You see, carefully piled rocks formed into a cairn make a landmark. That’s kind of the point. And in centuries gone by, cairns could mean the difference between life and death in the less hospitable parts of Iceland. They would break up long journeys on foot and reassure the weary traveller that they were indeed on their way to their friend’s farm or the next village, and not over the edge of a hidden cliff, or into the mouth of a volcano. Important stuff, right?

Cairns aren’t just piles of rocks

In addition to cairns that marked safe routes between places, some cairns have been erected as memorials to people and important events.

Iceland’s cairns are carefully catalogued and are protected structures. Some of them are hundreds of years old, and one is even believed to be the oldest structure in the country—literally built by one of the Viking settlers. Unfortunately, in recent years, modern-day visitors have started building a lot of cairns of their own. All. Over. The. Place.

Though kind of cute and seemingly harmless, the thousands of brand new, symbolically meaningless cairns has become an actual, real-world problem and the tourism board and national park authorities, among others, are doing all they can to persuade tourists to stop making them. That’s how you can help: by not piling stones on top of each other while in Iceland…or at least by knocking them down again after you’ve done playing!

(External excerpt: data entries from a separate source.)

lemma integral_kx_has_derivative:
  assumes a: "0 < a" "x < R" and t: "t \<in> {0<..<T}"
  shows "((\<lambda>s. integral {a..x} (\<lambda>y. kx y s)) has_real_derivative integral {a..x} (\<lambda>y. m y t)) (at t)"
proof -
  have "continuous_on ({0<..<T} \<times> cbox a x) (\<lambda>p. (\<lambda>(y, s). m y s) (snd p, fst p))"
  proof (rule continuous_on_compose2[OF m_cont])
    show "(\<lambda>p. (snd p, fst p)) ` ({0<..<T} \<times> cbox a x) \<subseteq> {0<..<R} \<times> {0<..<T}"
      using a by force
  qed (intro continuous_intros)
  then have "continuous_on ({0<..<T} \<times> cbox a x) (\<lambda>(s, y). m y s)"
    by (simp add: split_beta)
  then have "((\<lambda>s. integral (cbox a x) (\<lambda>y. kx y s)) has_field_derivative integral (cbox a x) (\<lambda>y. m y t))
      (at t within {0<..<T})"
  proof (rule leibniz_rule_field_derivative[where fx = "\<lambda>s y. m y s", rotated 2])
    fix s y assume "s \<in> {0<..<T}" "y \<in> cbox a x"
    with a kx_dt[of y s] show "((\<lambda>s. kx y s) has_field_derivative m y s) (at s within {0<..<T})"
      by (auto intro: has_field_derivative_at_within)
  next
    fix s assume "s \<in> {0<..<T}"
    with a show "(\<lambda>y. kx y s) integrable_on cbox a x"
      by (intro integrable_continuous continuous_on_slice[OF kx_cont]) auto
  qed (use t in auto)
  then show ?thesis
    using at_within_open[OF t open_greaterThanLessThan] by (simp only: box_real)
qed

lemma kt_eq_integral_mixed:
  assumes a: "0 < a" "a \<le> x" "x < R" and t: "t \<in> {0<..<T}"
  shows "kt x t = kt a t + integral {a..x} (\<lambda>s. m s t)"
proof -
  have "((\<lambda>s. k a s + integral {a..x} (\<lambda>y. kx y s)) has_real_derivative kt a t + integral {a..x} (\<lambda>y. m y t)) (at t)"
    using a t by (intro DERIV_add k_dt integral_kx_has_derivative) auto
  then have "((\<lambda>s. k x s) has_real_derivative kt a t + integral {a..x} (\<lambda>y. m y t)) (at t)"
    by (rule has_field_derivative_transform_within_open[where S = "{0<..<T}"])
      (use a t k_eq_integral_kx in auto)
  moreover have "((\<lambda>s. k x s) has_real_derivative kt x t) (at t)"
    using a t by (intro k_dt) auto
  ultimately show ?thesis using DERIV_unique by blast
qed

lemma mixed_partials_commute:
  assumes x: "x \<in> {0<..<R}" and t: "t \<in> {0<..<T}"
  shows "((\<lambda>y. kt y t) has_real_derivative m x t) (at x)"
proof -
  define a b where "a = x / 2" and "b = (x + R) / 2"
  have ab: "0 < a" "a < x" "x < b" "b < R" using x by (auto simp: a_def b_def)
  have "((\<lambda>u. integral {a..u} (\<lambda>y. m y t)) has_vector_derivative m x t) (at x within {a..b})"
    using ab t by (intro integral_has_vector_derivative continuous_on_slice[OF m_cont]) auto
  then have "((\<lambda>u. integral {a..u} (\<lambda>y. m y t)) has_real_derivative m x t) (at x)"
    using ab by (simp add: at_within_Icc_at has_real_derivative_iff_has_vector_derivative)
  then have "((\<lambda>u. kt a t + integral {a..u} (\<lambda>y. m y t)) has_real_derivative m x t) (at x)"
    using DERIV_add[OF DERIV_const[of "kt a t"]] by simp
  then show ?thesis
  proof (rule has_field_derivative_transform_within_open[where S = "{a<..<R}"])
    fix y assume "y \<in> {a<..<R}"
    then show "kt a t + integral {a..y} (\<lambda>s. m s t) = kt y t"
      using ab t by (intro kt_eq_integral_mixed[symmetric]) auto
  qed (use ab in auto)
qed

end

lemma smooth_on_rect_has_dx_dt_dx:
  assumes smooth: "smooth_on_rect R T h" and x: "x \<in> {0<..<R}" and t: "t \<in> {0<..<T}"
  shows "((\<lambda>y. dt (dx h) y t) has_real_derivative dt (dx (dx h)) x t) (at x)"
proof (rule mixed_partials_commute[where k = "dx h" and kx = "dx (dx h)", OF _ _ _ _ _ x t])
  show "continuous_on ({0<..<R} \<times> {0<..<T}) (\<lambda>(x, t). dx (dx h) x t)"
    using smooth_on_rect_continuous_on[OF smooth, of "[True, True]"] by simp
  show "continuous_on ({0<..<R} \<times> {0<..<T}) (\<lambda>(x, t). dt (dx (dx h)) x t)"
    using smooth_on_rect_continuous_on[OF smooth, of "[False, True, True]"] by simp
qed (use smooth_on_rect_has_dx[OF smooth, of _ _ "[True]"] smooth_on_rect_has_dt[OF smooth, of _ _ "[True]"]
  smooth_on_rect_has_dt[OF smooth, of _ _ "[True, True]"] in auto)

section \<open>From compact subintervals to the open interval\<close>

lemma integrable_on_Icc_if_continuous_on_Ioo:
  fixes f :: "real \<Rightarrow> real"
  assumes "continuous_on {c<..<d} f" "c < e" "b < d"
  shows "f integrable_on {e..b}"
  using assms by (intro integrable_continuous_interval) (auto elim: continuous_on_subset)

lemma borel_measurable_ennreal_indicator_continuous_on:
  fixes g :: "'a::topological_space \<Rightarrow> real"
  assumes "S \<in> sets borel" "continuous_on S g"
  shows "(\<lambda>x. ennreal (g x) * indicator S x) \<in> borel_measurable borel"
proof -
  have "(\<lambda>x. indicator S x *\<^sub>R g x) \<in> borel_measurable borel"
    by (rule borel_measurable_continuous_on_indicator[OF assms])
  then have "(\<lambda>x. ennreal (indicator S x *\<^sub>R g x)) \<in> borel_measurable borel"
    by measurable
  also have "(\<lambda>x. ennreal (indicator S x *\<^sub>R g x)) = (\<lambda>x. ennreal (g x) * indicator S x)"
    by (auto simp: indicator_def fun_eq_iff)
  finally show ?thesis .
qed

lemma SUP_indicator_eq_indicator_UN: "(SUP n. indicator (A n) x :: ennreal) = indicator (\<Union>n. A n) x"
proof (cases "\<exists>n. x \<in> A n")
  case True
  then obtain n where "x \<in> A n" by blast
  then have "1 \<le> (SUP n. indicator (A n) x :: ennreal)" by (intro SUP_upper2[of n]) auto
  moreover have "(SUP n. indicator (A n) x :: ennreal) \<le> 1" by (intro SUP_least) (auto simp: indicator_def)
  ultimately show ?thesis using True by auto
qed auto

lemma nn_integral_Ioo_ge_integral_Icc:
  fixes g :: "real \<Rightarrow> real"
  assumes "continuous_on {0<..<R} g" "\<And>x. 0 < x \<Longrightarrow> x < R \<Longrightarrow> 0 \<le> g x"
    and "0 < e" "e \<le> b" "b < R"
  shows "ennreal (integral {e..b} g) \<le> (\<integral>\<^sup>+x\<in>{0<..<R}. ennreal (g x) \<partial>lborel)"
proof -
  have "(g has_integral integral {e..b} g) {e..b}"
    using assms by (intro integrable_integral integrable_on_Icc_if_continuous_on_Ioo[where c = 0 and d = R])
  then have "(\<integral>\<^sup>+x. ennreal (g x) * indicator {e..b} x \<partial>lborel) = ennreal (integral {e..b} g)"
    by (rule nn_integral_has_integral_lebesgue'[rotated]) (use assms in auto)
  moreover have "(\<integral>\<^sup>+x. ennreal (g x) * indicator {e..b} x \<partial>lborel) \<le> (\<integral>\<^sup>+x\<in>{0<..<R}. ennreal (g x) \<partial>lborel)"
    using assms by (intro nn_integral_mono) (auto simp: indicator_def)
  ultimately show ?thesis by simp
qed

lemma UN_Icc_shrinking_eq_Ioo:
  fixes R :: real
  assumes R: "0 < R"
  shows "(\<Union>n. {R / (real n + 3)..R - R / (real n + 3)}) = {0<..<R}"
proof (intro equalityI subsetI)
  fix x assume "x \<in> {0<..<R}"
  then have m: "0 < min x (R - x)" by auto
  obtain N :: nat where "R / min x (R - x) < real N" using reals_Archimedean2 by blast
  then have "R < min x (R - x) * real N"
    using m by (simp add: divide_less_eq mult.commute)
  also have "\<dots> \<le> min x (R - x) * (real N + 3)"
    using m by (intro mult_left_mono) auto
  finally have "R / (real N + 3) \<le> min x (R - x)" by (subst pos_divide_le_eq) auto
  then show "x \<in> (\<Union>n. {R / (real n + 3)..R - R / (real n + 3)})" by auto
next
  fix x assume "x \<in> (\<Union>n. {R / (real n + 3)..R - R / (real n + 3)})"
  then obtain n where "R / (real n + 3) \<le> x" "x \<le> R - R / (real n + 3)" by auto
  moreover have "0 < R / (real n + 3)" using R by simp
  ultimately show "x \<in> {0<..<R}" by auto
qed

lemma nn_integral_Ioo_le_if_integral_Icc_le:
  fixes g :: "real \<Rightarrow> real"
  assumes R: "0 < R" and g_cont: "continuous_on {0<..<R} g"
    and g_nonneg: "\<And>x. 0 < x \<Longrightarrow> x < R \<Longrightarrow> 0 \<le> g x"
    and le: "\<And>e b. 0 < e \<Longrightarrow> e \<le> b \<Longrightarrow> b < R \<Longrightarrow> integral {e..b} g \<le> X"
  shows "(\<integral>\<^sup>+x\<in>{0<..<R}. ennreal (g x) \<partial>lborel) \<le> ennreal X"
proof -
  define E where "E n = R / (real n + 3)" for n :: nat
  define F where "F n x = ennreal (g x) * indicator {E n..R - E n} x" for n x
  have E: "0 < E n" "E n \<le> R - E n" for n
    using R by (auto simp: E_def field_simps)
  have E_antimono: "E n \<le> E m" if "m \<le> n" for m n
    using R that unfolding E_def by (intro divide_left_mono) auto
  have "incseq F"
    using E_antimono by (auto simp: incseq_def le_fun_def F_def indicator_def intro: order_trans)
  moreover have F_measurable: "F n \<in> borel_measurable lborel" for n
    unfolding F_def using E[of n] R
    by (auto intro!: borel_measurable_ennreal_indicator_continuous_on continuous_on_subset[OF g_cont])
  moreover have "(\<Union>n. {E n..R - E n}) = {0<..<R}"
    unfolding E_def by (rule UN_Icc_shrinking_eq_Ioo[OF R])
  then have "ennreal (g x) * indicator {0<..<R} x = (SUP n. F n x)" for x
    by (simp add: F_def SUP_mult_left_ennreal[symmetric] SUP_indicator_eq_indicator_UN)
  ultimately have "(\<integral>\<^sup>+x\<in>{0<..<R}. ennreal (g x) \<partial>lborel) = (SUP n. integral\<^sup>N lborel (F n))"
    by (simp add: nn_integral_monotone_convergence_SUP)
  also have "\<dots> \<le> ennreal X"
  proof (rule SUP_least)
    fix n
    have "(g has_integral integral {E n..R - E n} g) {E n..R - E n}"
      using E[of n] by (intro integrable_integral integrable_on_Icc_if_continuous_on_Ioo[OF g_cont]) auto
    then have "integral\<^sup>N lborel (F n) = ennreal (integral {E n..R - E n} g)"
      unfolding F_def by (rule nn_integral_has_integral_lebesgue'[rotated]) (use E[of n] g_nonneg in auto)
    also have "\<dots> \<le> ennreal X"
      using E[of n] by (intro ennreal_leI le) auto
    finally show "integral\<^sup>N lborel (F n) \<le> ennreal X" .
  qed
  finally show ?thesis .
qed

lemma set_nn_integral_ennreal_mono:
  "(\<And>x. x \<in> A \<Longrightarrow> f x \<le> g x) \<Longrightarrow> (\<integral>\<^sup>+x\<in>A. ennreal (f x) \<partial>M) \<le> (\<integral>\<^sup>+x\<in>A. ennreal (g x) \<partial>M)"
  by (intro nn_integral_mono) (auto simp: indicator_def intro: ennreal_leI)

lemma set_nn_integral_ennreal_cmult:
  fixes f :: "real \<Rightarrow> real"
  assumes "S \<in> sets borel" "continuous_on S f" "0 \<le> c"
  shows "(\<integral>\<^sup>+x\<in>S. ennreal (c * f x) \<partial>lborel) = ennreal c * (\<integral>\<^sup>+x\<in>S. ennreal (f x) \<partial>lborel)"
proof -
  have "(\<integral>\<^sup>+x\<in>S. ennreal (c * f x) \<partial>lborel) = (\<integral>\<^sup>+x. ennreal c * (ennreal (f x) * indicator S x) \<partial>lborel)"
    using assms(3) by (intro nn_integral_cong) (simp add: ennreal_mult' mult.assoc)
  also have "\<dots> = ennreal c * (\<integral>\<^sup>+x\<in>S. ennreal (f x) \<partial>lborel)"
    using borel_measurable_ennreal_indicator_continuous_on[OF assms(1,2)] by (simp add: nn_integral_cmult)
  finally show ?thesis .
qed

lemma set_nn_integral_ennreal_lincomb:
  fixes f g :: "real \<Rightarrow> real"
  assumes "S \<in> sets borel" "continuous_on S f" "continuous_on S g"
    and "\<And>x. x \<in> S \<Longrightarrow> 0 \<le> f x" "\<And>x. x \<in> S \<Longrightarrow> 0 \<le> g x" "0 \<le> a" "0 \<le> b"
  shows "(\<integral>\<^sup>+x\<in>S. ennreal (a * f x + b * g x) \<partial>lborel)
    = ennreal a * (\<integral>\<^sup>+x\<in>S. ennreal (f x) \<partial>lborel) + ennreal b * (\<integral>\<^sup>+x\<in>S. ennreal (g x) \<partial>lborel)"
proof -
  have "(\<integral>\<^sup>+x\<in>S. ennreal (a * f x + b * g x) \<partial>lborel)
      = (\<integral>\<^sup>+x. ennreal a * (ennreal (f x) * indicator S x) + ennreal b * (ennreal (g x) * indicator S x) \<partial>lborel)"
    using assms(4-7) by (intro nn_integral_cong) (auto simp: indicator_def ennreal_plus ennreal_mult)
  also have "\<dots> = ennreal a * (\<integral>\<^sup>+x\<in>S. ennreal (f x) \<partial>lborel) + ennreal b * (\<integral>\<^sup>+x\<in>S. ennreal (g x) \<partial>lborel)"
  proof -
    have [measurable]: "(\<lambda>x. ennreal (f x) * indicator S x) \<in> borel_measurable lborel"
      "(\<lambda>x. ennreal (g x) * indicator S x) \<in> borel_measurable lborel"
      using assms(1-3) by (simp_all add: borel_measurable_ennreal_indicator_continuous_on)
    then show ?thesis by (subst nn_integral_add) (measurable, simp add: nn_integral_cmult)
  qed
  finally show ?thesis .
qed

piled rocks formed into a cairn

When driving Route 1 in South Iceland, keep an eye out for Laufskálavarða and its hundreds of small cairns as far as the eye can see. These are (mostly) traditional cairns build up over centuries by travellers wishing for good luck as they crossed the Mýrdalssandur desert.

You will also see a surprising number of cairns being built on the seashore next to Harpa Concert Hall in the heart of central Reykjavík. It might not offend too many locals to join in the craze, at this one urban location.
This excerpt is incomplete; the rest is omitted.